[TASK STATEMENT] Pull each line holding the word "alpha" from the data.

[PROVIDED ENTRIES]

lemma integral_tw_target_eq_price:
  assumes "equilibrium_price \<alpha> \<delta> m n F q" "0 < \<alpha>" "0 \<le> q" "0 \<le> \<delta>"
  shows "(\<integral>v. tw_target \<delta> m n q v \<partial>M) = q"
proof -
  have "q = (\<integral>v. \<alpha> * tw_target \<delta> m n q v + (1 - \<alpha>) * q \<partial>M)"
    using assms(1) by (simp add: equilibrium_price_def expected_T_def expectation_T_TW)
  also have "\<dots> = \<alpha> * (\<integral>v. tw_target \<delta> m n q v \<partial>M) + (1 - \<alpha>) * q"
    using integrable_tw_target[OF assms(3,4)] by (simp add: V.P.prob_space)
  finally show ?thesis
    using assms(2) by (simp add: algebra_simps)
qed

lemma prob_unsaturated_ge:
  assumes "(\<integral>v. tw_target \<delta> m n q v \<partial>M) = q" "0 < q" "0 \<le> \<delta>"
  shows "\<delta> \<le> (1 + \<delta>) * (\<integral>v. of_bool (num_above n q v < m) \<partial>M)"
proof -
  let ?P = "\<integral>v. of_bool (num_above n q v < m) \<partial>M :: real"
  have "(\<integral>v. of_bool (m \<le> num_above n q v) \<partial>M) = (\<integral>v. 1 - of_bool (num_above n q v < m) \<partial>M :: real)"
    by (intro Bochner_Integration.integral_cong) auto
  also have "\<dots> = 1 - ?P"
    using Bochner_Integration.integral_diff[OF V.P.integrable_const integrable_of_bool_num_above,
        of 1 "\<lambda>N. N < m" q]
    by (simp add: V.P.prob_space)
  finally have "(1 + \<delta>) * q * (1 - ?P) = (\<integral>v. (1 + \<delta>) * q * of_bool (m \<le> num_above n q v) \<partial>M)"
    by simp
  also have "\<dots> \<le> (\<integral>v. tw_target \<delta> m n q v \<partial>M)"
    using assms(2,3) integrable_of_bool_num_above[of "\<lambda>N. m \<le> N" q]
    by (intro integral_mono integrable_tw_target tw_target_saturated_ge) auto
  finally have "(1 + \<delta>) * (1 - ?P) * q \<le> 1 * q"
    using assms(1) by (simp add: mult_ac)
  then have "(1 + \<delta>) * (1 - ?P) \<le> 1"
    using assms(2) by (rule mult_right_le_imp_le)
  then show ?thesis
    by (simp add: algebra_simps)
qed

lemma integral_capped_supply_ge:
  assumes "(\<integral>v. tw_target \<delta> m n q v \<partial>M) = q" "0 < q" "0 \<le> \<delta>"
  shows "real m \<le> (1 + \<delta>) * (\<integral>v. min (real m) (real (num_above n q v)) \<partial>M)"
proof -
  have "(\<integral>v. real m * tw_target \<delta> m n q v \<partial>M)
      \<le> (\<integral>v. (1 + \<delta>) * q * min (real m) (real (num_above n q v)) \<partial>M)"
    using integrable_tw_target[of q \<delta>] integrable_capped_supply assms(2,3)
    by (intro integral_mono tw_target_le_capped_supply) auto
  then have "real m * q \<le> (1 + \<delta>) * (\<integral>v. min (real m) (real (num_above n q v)) \<partial>M) * q"
    using assms(1) by (simp add: mult_ac)
  then show ?thesis
    using assms(2) by simp
qed

lemma integral_mult_indep_value:
  fixes a :: "(nat \<Rightarrow> real) \<Rightarrow> real" and b :: "real \<Rightarrow> real"
  assumes "i < n" and a_indep: "\<And>v y. a (v(i := y)) = a v"
    and "integrable M a" "integrable M (\<lambda>v. a v * b (v i))"
  shows "(\<integral>v. a v * b (v i) \<partial>M) = (\<integral>v. a v \<partial>M) * (\<integral>x. b x \<partial>F)"
proof -
  define J where "J = {..<n} - {i}"
  have J: "finite J" "i \<notin> J" and insert_J: "insert i J = {..<n}"
    using \<open>i < n\<close> by (auto simp: J_def)
  have fubini: "(\<integral>v. f v \<partial>M) = (\<integral>v. (\<integral>y. f (v(i := y)) \<partial>F) \<partial>PiM J (\<lambda>_. F))"
    if "integrable M f" for f :: "(nat \<Rightarrow> real) \<Rightarrow> real"
    using V.product_integral_insert[OF J, of f] that by (simp add: insert_J)
  show ?thesis
    using fubini[OF assms(4)] fubini[OF assms(3)] prob_space.prob_space[OF prob_space_F]
    by (simp add: a_indep)
qed

text \<open>If fewer than \<open>m\<close> bidders clear the price, then so do fewer than \<open>m\<close> of the
  bidders other than \<open>i\<close>; this event is independent of \<open>v i\<close>, and together with
  \<open>v i \<ge> q\<close> it still forces \<open>num_above \<le> m\<close>.\<close>

lemma integral_excess_unsaturated_ge:
  assumes "i < n"
  shows "(\<integral>v. of_bool (num_above n q v < m) \<partial>M) * (\<integral>x. max (x - q) 0 \<partial>F)
    \<le> (\<integral>v. of_bool (num_above n q v \<le> m) * max (v i - q) 0 \<partial>M)"
proof -
  define others where "others v = (\<Sum>j\<in>{..<n} - {i}. of_bool (q \<le> v j) :: nat)" for v
  have [measurable]: "others \<in> M \<rightarrow>\<^sub>M count_space UNIV"
    unfolding others_def by measurable
  have others_indep: "others (v(i := y)) = others v" for v y
    unfolding others_def by (intro sum.cong) auto
  have num_above_split: "num_above n q v = of_bool (q \<le> v i) + others v" for v
    unfolding num_above_eq_sum others_def using assms by (subst sum.remove[of _ i]) auto
  have "(\<integral>v. of_bool (num_above n q v < m) \<partial>M) \<le> (\<integral>v. of_bool (others v < m) \<partial>M :: real)"
    using integrable_of_bool_num_above[of "\<lambda>N. N < m" q]
    by (intro integral_mono V.P.integrable_const_bound[where B = 1]) (auto simp: num_above_split)
  then have "(\<integral>v. of_bool (num_above n q v < m) \<partial>M) * (\<integral>x. max (x - q) 0 \<partial>F)
      \<le> (\<integral>v. of_bool (others v < m) \<partial>M) * (\<integral>x. max (x - q) 0 \<partial>F)"
    by (intro mult_right_mono) auto
  also have "\<dots> = (\<integral>v. of_bool (others v < m) * max (v i - q) 0 \<partial>M)"
  proof (rule integral_mult_indep_value[where b = "\<lambda>x. max (x - q) 0", symmetric])
    show "integrable M (\<lambda>v. of_bool (others v < m) :: real)"
      by (rule V.P.integrable_const_bound[where B = 1]) auto
    show "integrable M (\<lambda>v. of_bool (others v < m) * max (v i - q) 0)"
      using assms by (intro integrable_of_bool_mult integrable_excess) auto
  qed (use assms others_indep in auto)
  also have "\<dots> \<le> (\<integral>v. of_bool (num_above n q v \<le> m) * max (v i - q) 0 \<partial>M)"
    using assms integrable_excess
    by (intro integral_mono integrable_of_bool_mult) (auto simp: num_above_split)
  finally show ?thesis .
qed

lemma integrable_surplus: "integrable M (surplus n q)"
  unfolding surplus_def by (intro Bochner_Integration.integrable_sum integrable_excess) auto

[THE ANSWER]
  assumes "equilibrium_price \<alpha> \<delta> m n F q" "0 < \<alpha>" "0 \<le> q" "0 \<le> \<delta>"
  have "q = (\<integral>v. \<alpha> * tw_target \<delta> m n q v + (1 - \<alpha>) * q \<partial>M)"
  also have "\<dots> = \<alpha> * (\<integral>v. tw_target \<delta> m n q v \<partial>M) + (1 - \<alpha>) * q"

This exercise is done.